## PROMPT
Report how many lines of the records below include the word "intro". Give nothing but the number.

## Collected data entries
================================

(* For every closed subset $C\subseteq A$ and every $m\in\omega$, every $g\in\mathcal{G}_m$ that fixes $C\cap A_m$ pointwise extends to a permutation $\pi\in\mathcal{G}$ that fixes $C$ pointwise.
   Context: Let $\langle P,\preccurlyeq,\preccurlyeq^\ast\rangle$ be a doubly ordered set: $\preccurlyeq$ a partial order on $P$, $\preccurlyeq^\ast$ a preorder on $P$, and $p\preccurlyeq q\Rightarrow p\preccurlyeq^\ast q$. Write $p\prec q$ for ($p\preccurlyeq q$ and $p\neq q$). For a quadruple $\langle x_0,x_1,x_2,x_3\rangle$ and $i<4$, $\mathrm{pr}_i(\langle x_0,x_1,x_2,x_3\rangle)=x_i$. For a set $S$, $\mathscr{S}(S)$ is the set of permutations of $S$. Define recursively $A_0=\{\langle0,p,\varnothing,k\rangle\mid p\in P,k\in\omega\}$ and $A_{n+1}=A_n\cup\{\langle n+1,q,a,0\rangle\mid q\in P,a\in A_n,\mathrm{pr}_1(a)\prec q\}\cup\{\langle n+1,q,a,k\rangle\mid q\in P,a\in A_n,\mathrm{pr}_1(a)\not\preccurlyeq q,\mathrm{pr}_1(a)\preccurlyeq^\ast q,k\in\omega\}$; let $A=\bigcup_{n}A_n$. Define $\mathcal{G}_0=\{f\in\mathscr{S}(A_0)\mid \mathrm{pr}_1(f(a))=\mathrm{pr}_1(a)\text{ for all }a\in A_0\}$; for $f\in\mathscr{S}(A_{n+1})$, $f\in\mathcal{G}_{n+1}$ iff $f{\upharpoonright}A_n\in\mathcal{G}_n$ and for all $b\in A_{n+1}\setminus A_n$, $\mathrm{pr}_1(f(b))=\mathrm{pr}_1(b)$ and $\mathrm{pr}_2(f(b))=f(\mathrm{pr}_2(b))$. Let $\mathcal{G}=\{\pi\in\mathscr{S}(A)\mid \pi{\upharpoonright}A_n\in\mathcal{G}_n\text{ for all }n\}$. A subset $C\subseteq A$ is closed if (i) for all $n\in\omega$, all $a\in C\cap A_n$ and all $q\in P$ with $\mathrm{pr}_1(a)\prec q$, we have $\langle n+1,q,a,0\rangle\in C$, and (ii) for all $b\in C\setminus A_0$, $\mathrm{pr}_2(b)\in C$. *)

theory Defs
  imports Main
begin

text \<open>Set-theoretic quadruples <n,p,a,k>; the third component is either the
empty set (Emp) or another quadruple.\<close>
datatype 'p quad = Emp | Q (pr0: nat) (pr1: 'p) (pr2: "'p quad") (pr3: nat)

definition sprec :: "'p rel \<Rightarrow> 'p \<Rightarrow> 'p \<Rightarrow> bool" where
  "sprec le p q \<longleftrightarrow> (p, q) \<in> le \<and> p \<noteq> q"

fun An :: "'p set \<Rightarrow> 'p rel \<Rightarrow> 'p rel \<Rightarrow> nat \<Rightarrow> 'p quad set" where
  "An P le les 0 = {Q 0 p Emp k | p k. p \<in> P}"
| "An P le les (Suc n) = An P le les n
     \<union> {Q (Suc n) q a 0 | q a. q \<in> P \<and> a \<in> An P le les n \<and> sprec le (pr1 a) q}
     \<union> {Q (Suc n) q a k | q a k. q \<in> P \<and> a \<in> An P le les n \<and>
            (pr1 a, q) \<notin> le \<and> (pr1 a, q) \<in> les}"

definition Aall :: "'p set \<Rightarrow> 'p rel \<Rightarrow> 'p rel \<Rightarrow> 'p quad set" where
  "Aall P le les = (\<Union>n. An P le les n)"

text \<open>A function f represents a permutation of A_n via its restriction to A_n.\<close>
fun Gn :: "'p set \<Rightarrow> 'p rel \<Rightarrow> 'p rel \<Rightarrow> nat \<Rightarrow> ('p quad \<Rightarrow> 'p quad) set" where
  "Gn P le les 0 = {f. bij_betw f (An P le les 0) (An P le les 0) \<and>
       (\<forall>a\<in>An P le les 0. pr1 (f a) = pr1 a)}"
| "Gn P le les (Suc n) = {f. bij_betw f (An P le les (Suc n)) (An P le les (Suc n)) \<and>
       f \<in> Gn P le les n \<and>
       (\<forall>b\<in>An P le les (Suc n) - An P le les n.
           pr1 (f b) = pr1 b \<and> pr2 (f b) = f (pr2 b))}"

definition Gall :: "'p set \<Rightarrow> 'p rel \<Rightarrow> 'p rel \<Rightarrow> ('p quad \<Rightarrow> 'p quad) set" where
  "Gall P le les = {\<pi>. bij_betw \<pi> (Aall P le les) (Aall P le les) \<and>
       (\<forall>n. \<pi> \<in> Gn P le les n)}"

definition closed_set :: "'p set \<Rightarrow> 'p rel \<Rightarrow> 'p rel \<Rightarrow> 'p quad set \<Rightarrow> bool" where
  "closed_set P le les C \<longleftrightarrow> C \<subseteq> Aall P le les \<and>
     (\<forall>n. \<forall>a\<in>C \<inter> An P le les n. \<forall>q\<in>P. sprec le (pr1 a) q \<longrightarrow> Q (Suc n) q a 0 \<in> C) \<and>
     (\<forall>b\<in>C - An P le les 0. pr2 b \<in> C)"

end

theory Submission
  imports Defs
begin

text \<open>Above level m the extension is forced by the condition
  pr2 (\<pi> b) = \<pi> (pr2 b): \<pi> keeps the new quadruple Q j q a k and acts
  recursively on its second component a, down to level m, where it is g.
  Whether Q (n+1) q a k lies in A(n+1) depends on a \<in> A(n) only through
  pr1 a, which elements of G(n) preserve; hence this map permutes every
  A(n+1) - A(n) and lies in every G(n). A closed set contains pr2 of each
  of its elements above level 0, so structural induction shows that the
  extension fixes C as soon as g fixes C \<inter> A(m).\<close>

lemma mem_AnD: "x \<in> An P le les n \<Longrightarrow> x \<noteq> Emp \<and> pr0 x \<le> n"
  by (induction n arbitrary: x) (auto, use le_SucI in blast)

lemma An_mono: "k \<le> n \<Longrightarrow> An P le les k \<subseteq> An P le les n"
  by (rule lift_Suc_mono_le[where f = "An P le les"]) auto

lemma Q_Suc_notin_An: "Q (Suc n) q a k \<notin> An P le les n"
  using mem_AnD by fastforce

lemma An_Suc_diffE:
  assumes "x \<in> An P le les (Suc n) - An P le les n"
  obtains q a k where "x = Q (Suc n) q a k" "a \<in> An P le les n"
  using assms by auto

lemma mem_An_if_pr0_le:
  assumes "x \<in> An P le les i" "pr0 x \<le> n"
  shows "x \<in> An P le les n"
  using assms
proof (induction i)
  case 0
  then show ?case using An_mono[of 0 n P le les] by blast
next
  case (Suc i)
  show ?case
  proof (cases "x \<in> An P le les i")
    case True
    then show ?thesis using Suc by blast
  next
    case False
    then obtain q a k where "x = Q (Suc i) q a k"
      using Suc.prems(1) False by (meson DiffI An_Suc_diffE)
    then have "Suc i \<le> n" using Suc.prems(2) by simp
    then show ?thesis using Suc.prems(1) An_mono by blast
  qed
qed

lemma Q_Suc_in_An_Suc_cong:
  assumes "a \<in> An P le les n" "a' \<in> An P le les n" "pr1 a = pr1 a'"
  shows "Q (Suc n) q a k \<in> An P le les (Suc n) \<longleftrightarrow> Q (Suc n) q a' k \<in> An P le les (Suc n)"
  using assms Q_Suc_notin_An[of n q _ k P le les] by auto

lemma Gn_mono: "k \<le> n \<Longrightarrow> f \<in> Gn P le les n \<Longrightarrow> f \<in> Gn P le les k"
  by (induction n rule: dec_induct) auto

lemma Gn_bij: "f \<in> Gn P le les n \<Longrightarrow> bij_betw f (An P le les n) (An P le les n)"
  by (cases n) auto

lemma Gn_pr1: "f \<in> Gn P le les n \<Longrightarrow> x \<in> An P le les n \<Longrightarrow> pr1 (f x) = pr1 x"
  by (induction n) (auto simp del: An.simps simp: An.simps(1))

lemma Gn_cong:
  assumes "f \<in> Gn P le les n" "\<And>x. x \<in> An P le les n \<Longrightarrow> h x = f x"
  shows "h \<in> Gn P le les n"
  using assms
proof (induction n)
  case 0
  have "bij_betw h (An P le les 0) (An P le les 0)"
    using Gn_bij[OF 0(1)] bij_betw_cong[of _ h f] 0(2) by blast
  moreover have "pr1 (h a) = pr1 a" if "a \<in> An P le les 0" for a
    using that 0(2) Gn_pr1[OF 0(1)] by metis
  ultimately show ?case by (simp only: Gn.simps(1) mem_Collect_eq) blast
next
  case (Suc n)
  let ?A = "An P le les n" and ?B = "An P le les (Suc n)"
  have f: "bij_betw f ?B ?B" "f \<in> Gn P le les n"
    "\<forall>b\<in>?B - ?A. pr1 (f b) = pr1 b \<and> pr2 (f b) = f (pr2 b)"
    using Suc.prems(1) unfolding Gn.simps(2) mem_Collect_eq by blast+
  have "?A \<subseteq> ?B" by (rule An_mono) simp
  then have "h \<in> Gn P le les n" using Suc.IH[OF f(2)] Suc.prems(2) by blast
  moreover have "bij_betw h ?B ?B"
    using f(1) bij_betw_cong[of ?B h f ?B] Suc.prems(2) by blast
  moreover have "pr1 (h b) = pr1 b \<and> pr2 (h b) = h (pr2 b)" if b: "b \<in> ?B - ?A" for b
  proof -
    from b obtain q a k where b_eq: "b = Q (Suc n) q a k" and a: "a \<in> ?A"
      by (rule An_Suc_diffE)
    have "h b = f b" "h a = f a" using b a \<open>?A \<subseteq> ?B\<close> Suc.prems(2) by auto
    moreover have "pr1 (f b) = pr1 b \<and> pr2 (f b) = f (pr2 b)" using f(3) b by blast
    ultimately show ?thesis by (simp add: b_eq)
  qed
  ultimately show ?case by (simp only: Gn.simps(2) mem_Collect_eq) blast
qed

lemma Gn_SucI:
  assumes f: "f \<in> Gn P le les n"
    and f_Suc: "\<And>q a k. a \<in> An P le les n \<Longrightarrow> f (Q (Suc n) q a k) = Q (Suc n) q (f a) k"
  shows "f \<in> Gn P le les (Suc n)"
proof -
  let ?A = "An P le les n" and ?B = "An P le les (Suc n)"
  have bij_A: "bij_betw f ?A ?A" by (rule Gn_bij[OF f])
  have new_iff: "Q (Suc n) q (f a) k \<in> ?B - ?A \<longleftrightarrow> Q (Suc n) q a k \<in> ?B - ?A"
    if a: "a \<in> ?A" for q a k
  proof -
    have "f a \<in> ?A" using a bij_betwE[OF bij_A] by blast
    then show ?thesis
      using Q_Suc_in_An_Suc_cong[OF _ a Gn_pr1[OF f a]] by (simp add: Q_Suc_notin_An)
  qed
  have bij_new: "bij_betw f (?B - ?A) (?B - ?A)"
  proof (rule bij_betw_imageI)
    show "inj_on f (?B - ?A)"
    proof (rule inj_onI)
      fix x y assume x: "x \<in> ?B - ?A" and y: "y \<in> ?B - ?A" and "f x = f y"
      from x obtain q a k where x_eq: "x = Q (Suc n) q a k" and a: "a \<in> ?A"
        by (rule An_Suc_diffE)
      from y obtain q' a' k' where y_eq: "y = Q (Suc n) q' a' k'" and a': "a' \<in> ?A"
        by (rule An_Suc_diffE)
      have "q = q'" "f a = f a'" "k = k'"
        using \<open>f x = f y\<close> a a' by (simp_all add: x_eq y_eq f_Suc)
      moreover have "a = a'"
        using \<open>f a = f a'\<close> a a' bij_A by (auto simp: bij_betw_def inj_on_def)
      ultimately show "x = y" by (simp add: x_eq y_eq)
    qed
    show "f ` (?B - ?A) = ?B - ?A"
    proof
      show "f ` (?B - ?A) \<subseteq> ?B - ?A"
      proof
        fix y assume "y \<in> f ` (?B - ?A)"
        then obtain x where x: "x \<in> ?B - ?A" and y_eq: "y = f x" by blast
        from x obtain q a k where x_eq: "x = Q (Suc n) q a k" and a: "a \<in> ?A"
          by (rule An_Suc_diffE)
        have "y = Q (Suc n) q (f a) k" using y_eq x_eq f_Suc[OF a] by (simp only:)
        then show "y \<in> ?B - ?A" using x x_eq new_iff[OF a] by (simp only:)
      qed
    next
      show "?B - ?A \<subseteq> f ` (?B - ?A)"
      proof
        fix y assume y: "y \<in> ?B - ?A"
        then obtain q a' k where y_eq: "y = Q (Suc n) q a' k" and "a' \<in> ?A"
          by (rule An_Suc_diffE)
        then obtain a where a: "a \<in> ?A" and "a' = f a"
          using bij_A unfolding bij_betw_def by blast
        then have "y = f (Q (Suc n) q a k)" and "Q (Suc n) q a k \<in> ?B - ?A"
          using y y_eq new_iff[OF a] f_Suc[OF a] by (simp_all only:)
        then show "y \<in> f ` (?B - ?A)" by (rule image_eqI)
      qed
    qed
  qed
  have "?A \<subseteq> ?B" by (rule An_mono) simp
  then have "?A \<union> (?B - ?A) = ?B" by blast
  then have "bij_betw f ?B ?B"
    using bij_betw_combine[OF bij_A bij_new Diff_disjoint] by (simp only:)
  moreover have "pr1 (f b) = pr1 b \<and> pr2 (f b) = f (pr2 b)" if "b \<in> ?B - ?A" for b
    using that by (elim An_Suc_diffE) (simp add: f_Suc)
  ultimately show ?thesis
    using f by (simp only: Gn.simps(2) mem_Collect_eq) blast
qed

lemma An_chain: "An P le les i \<subseteq> An P le les j \<or> An P le les j \<subseteq> An P le les i"
  using nat_le_linear[of i j] An_mono by blast

lemma Gall_iff: "f \<in> Gall P le les \<longleftrightarrow> (\<forall>n. f \<in> Gn P le les n)"
  unfolding Gall_def Aall_def
  using bij_betw_UNION_chain[of UNIV "An P le les" f "An P le les"] An_chain Gn_bij by blast

primrec extend_above :: "('p quad \<Rightarrow> 'p quad) \<Rightarrow> nat \<Rightarrow> 'p quad \<Rightarrow> 'p quad" where
  "extend_above g m Emp = g Emp"
| "extend_above g m (Q j q a k) = (if j \<le> m then g (Q j q a k) else Q j q (extend_above g m a) k)"

lemma extend_above_eq:
  assumes "x \<in> An P le les m"
  shows "extend_above g m x = g x"
  using mem_AnD[OF assms] by (cases x) auto

lemma extend_above_in_Gn:
  assumes g: "g \<in> Gn P le les m"
  shows "extend_above g m \<in> Gn P le les n"
proof (induction n)
  case 0
  show ?case
    using Gn_cong[OF Gn_mono[OF _ g]] extend_above_eq An_mono[of 0 m P le les] by blast
next
  case (Suc n)
  show ?case
  proof (cases "Suc n \<le> m")
    case True
    then show ?thesis
      using Gn_cong[OF Gn_mono[OF True g]] extend_above_eq An_mono[OF True] by blast
  next
    case False
    then show ?thesis using Suc.IH by (intro Gn_SucI) simp_all
  qed
qed

lemma extend_above_fixes_closed:
  assumes C: "closed_set P le les C" and g_fixes: "\<forall>a\<in>C \<inter> An P le les m. g a = a"
    and "c \<in> C"
  shows "extend_above g m c = c"
  using \<open>c \<in> C\<close>
proof (induction c)
  case Emp
  then show ?case using C mem_AnD by (fastforce simp: closed_set_def Aall_def)
next
  case (Q j q a k)
  obtain i where i: "Q j q a k \<in> An P le les i"
    using Q.prems C by (auto simp: closed_set_def Aall_def)
  show ?case
  proof (cases "j \<le> m")
    case True
    then have "Q j q a k \<in> An P le les m" using mem_An_if_pr0_le[OF i] by simp
    then show ?thesis using extend_above_eq[of "Q j q a k"] g_fixes Q.prems by simp
  next
    case False
    then have "Q j q a k \<notin> An P le les 0" using mem_AnD by fastforce
    then have "a \<in> C" using Q.prems C by (force simp: closed_set_def)
    then show ?thesis using Q.IH False by simp
  qed
qed

theorem lemma2p3:
  fixes P :: "'p set" and le les :: "'p rel" and C :: "'p quad set" and m :: nat
    and g :: "'p quad \<Rightarrow> 'p quad"
  assumes "le \<subseteq> P \<times> P" and "partial_order_on P le"
    and "les \<subseteq> P \<times> P" and "preorder_on P les"
    and "le \<subseteq> les"
    and "closed_set P le les C"
    and "g \<in> Gn P le les m"
    and "\<forall>a\<in>C \<inter> An P le les m. g a = a"
  shows "\<exists>\<pi>\<in>Gall P le les. (\<forall>a\<in>An P le les m. \<pi> a = g a) \<and> (\<forall>c\<in>C. \<pi> c = c)"
proof (intro bexI conjI ballI)
  show "extend_above g m \<in> Gall P le les"
    using extend_above_in_Gn[OF assms(7)] by (simp add: Gall_iff)
  show "extend_above g m a = g a" if "a \<in> An P le les m" for a
    using that by (rule extend_above_eq)
  show "extend_above g m c = c" if "c \<in> C" for c
    using extend_above_fixes_closed[OF assms(6,8) that] .
qed

end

================================

## ANSWER SPACE
2